EXERCISE DESCRIPTION
From the listing below, copy only the lines running from the line that contains "(if N \<le>" to the line that contains "first part gives", both included.

ENTRIES SUPPLIED
******
(* \[\sum_{\pi\in\mathcal{C}_1}q^{|\pi|}=\sum_{m\ge0}\frac{q^{\binom{m+1}{2}}}{(q;q)_m}\sum_{j\ge0}q^{\binom{j+1}{2}}{m\brack j}.\]
   Context: An overpartition is a partition in which the first occurrence of each part size may be overlined, with parts listed in non-increasing order with respect to $1<\bar1<2<\bar2<\cdots$. A part is of size $t$ if it is $t$ or $\bar t$, and $|\pi|$ is the sum of the sizes of the parts. $\mathcal{C}_1$ is the set of overpartitions $(\pi_1,\dots,\pi_\ell)$, including the empty one, such that: - for each $1\le i<\ell$, the size of $\pi_i$ minus the size of $\pi_{i+1}$ is at least $1$, and at least $2$ if $\pi_i$ is non-overlined; - no part equals the non-overlined part $1$ (the part $\bar1$ is allowed). $(q;q)_n=\prod_{i=1}^n(1-q^i)$. The Gaussian binomial is ${M\brack N}=\frac{(q;q)_M}{(q;q)_N(q;q)_{M-N}}$ for $0\le N\le M$ and $0$ otherwise. *)

theory Defs
  imports "HOL-Computational_Algebra.Formal_Power_Series"
begin

text \<open>A part of an overpartition is a pair (t, b): its size t and whether it is overlined (b = True).\<close>
type_synonym opart = "nat \<times> bool"

text \<open>Rank of a part in the order 1 < 1bar < 2 < 2bar < ...\<close>
definition part_rank :: "opart \<Rightarrow> nat" where
  "part_rank p = 2 * fst p + (if snd p then 1 else 0)"

definition is_overpartition :: "opart list \<Rightarrow> bool" where
  "is_overpartition \<pi> \<longleftrightarrow>
     (\<forall>p\<in>set \<pi>. fst p \<ge> 1) \<and>
     sorted_wrt (\<lambda>p p'. part_rank p' \<le> part_rank p) \<pi> \<and>
     (\<forall>i<length \<pi>. \<forall>j<length \<pi>. i < j \<and> fst (\<pi>!i) = fst (\<pi>!j) \<longrightarrow> \<not> snd (\<pi>!j))"

definition op_weight :: "opart list \<Rightarrow> nat" where
  "op_weight \<pi> = (\<Sum>p\<leftarrow>\<pi>. fst p)"

definition C1 :: "opart list set" where
  "C1 = {\<pi>. is_overpartition \<pi> \<and>
            (\<forall>i. i + 1 < length \<pi> \<longrightarrow>
               int (fst (\<pi>!i)) - int (fst (\<pi>!(i+1))) \<ge> (if snd (\<pi>!i) then 1 else 2)) \<and>
            (1, False) \<notin> set \<pi>}"

text \<open>(q;q)_n as a formal power series in q = fps_X.\<close>
definition qpoch :: "nat \<Rightarrow> rat fps" where
  "qpoch n = (\<Prod>i=1..n. 1 - fps_X ^ i)"

definition qbinom :: "nat \<Rightarrow> nat \<Rightarrow> rat fps" where
  "qbinom M N = (if N \<le> M then qpoch M / (qpoch N * qpoch (M - N)) else 0)"

end

theory Submission
  imports Defs
begin

text \<open>Read from its smallest part, an element of \<open>C\<^sub>1\<close> is a strictly increasing sequence in
  which every part exceeds its predecessor (initially \<open>0\<close>) by at least \<open>2\<close>, or by at least
  \<open>1\<close> if it is overlined. Let \<open>G\<^sub>m(c)\<close> be the generating function of such sequences of length
  \<open>m\<close> whose initial predecessor is \<open>c\<close>. Lowering every part by one gives
  \<open>G\<^sub>m(c+1) = q\<^sup>m G\<^sub>m(c)\<close>, and splitting off the first part gives
  \<open>G\<^sub>m\<^sub>+\<^sub>1(c) = G\<^sub>m\<^sub>+\<^sub>1(c+1) + q\<^sup>c\<^sup>+\<^sup>1 G\<^sub>m(c+1) + q\<^sup>c\<^sup>+\<^sup>2 G\<^sub>m(c+2)\<close>.
  At \<open>c = 0\<close> this becomes \<open>(1 - q\<^sup>m\<^sup>+\<^sup>1) G\<^sub>m\<^sub>+\<^sub>1(0) = q\<^sup>m\<^sup>+\<^sup>1 (1 + q\<^sup>m\<^sup>+\<^sup>1) G\<^sub>m(0)\<close>, whence
  \<open>G\<^sub>m(0) = q\<^bsup>(m+1 choose 2)\<^esup> (-q;q)\<^sub>m / (q;q)\<^sub>m\<close>. The q-binomial theorem
  \<open>(-q;q)\<^sub>m = \<Sum>\<^sub>j q\<^bsup>(j+1 choose 2)\<^esup> [m, j]\<close> identifies this with the \<open>m\<close>-th summand, which
  therefore counts the elements of \<open>C\<^sub>1\<close> with exactly \<open>m\<close> parts.\<close>

fun gaps_desc :: "opart list \<Rightarrow> bool" where
  "gaps_desc [] = True"
| "gaps_desc [p] = (2 \<le> fst p + of_bool (snd p))"
| "gaps_desc (p # p' # \<pi>) = (fst p' + 2 \<le> fst p + of_bool (snd p) \<and> gaps_desc (p' # \<pi>))"

lemma gaps_desc_sorted: "gaps_desc \<pi> \<Longrightarrow> sorted_wrt (\<lambda>p p'. fst p' < fst p) \<pi>"
  by (induction \<pi> rule: gaps_desc.induct) (auto simp: of_bool_def split: if_splits)

lemma gaps_desc_set: "gaps_desc \<pi> \<Longrightarrow> p \<in> set \<pi> \<Longrightarrow> 2 \<le> fst p + of_bool (snd p)"
  by (induction \<pi> rule: gaps_desc.induct) auto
******
PROBLEM SOLUTION
  "qbinom M N = (if N \<le> M then qpoch M / (qpoch N * qpoch (M - N)) else 0)"

end

theory Submission
  imports Defs
begin

text \<open>Read from its smallest part, an element of \<open>C\<^sub>1\<close> is a strictly increasing sequence in
  which every part exceeds its predecessor (initially \<open>0\<close>) by at least \<open>2\<close>, or by at least
  \<open>1\<close> if it is overlined. Let \<open>G\<^sub>m(c)\<close> be the generating function of such sequences of length
  \<open>m\<close> whose initial predecessor is \<open>c\<close>. Lowering every part by one gives
  \<open>G\<^sub>m(c+1) = q\<^sup>m G\<^sub>m(c)\<close>, and splitting off the first part gives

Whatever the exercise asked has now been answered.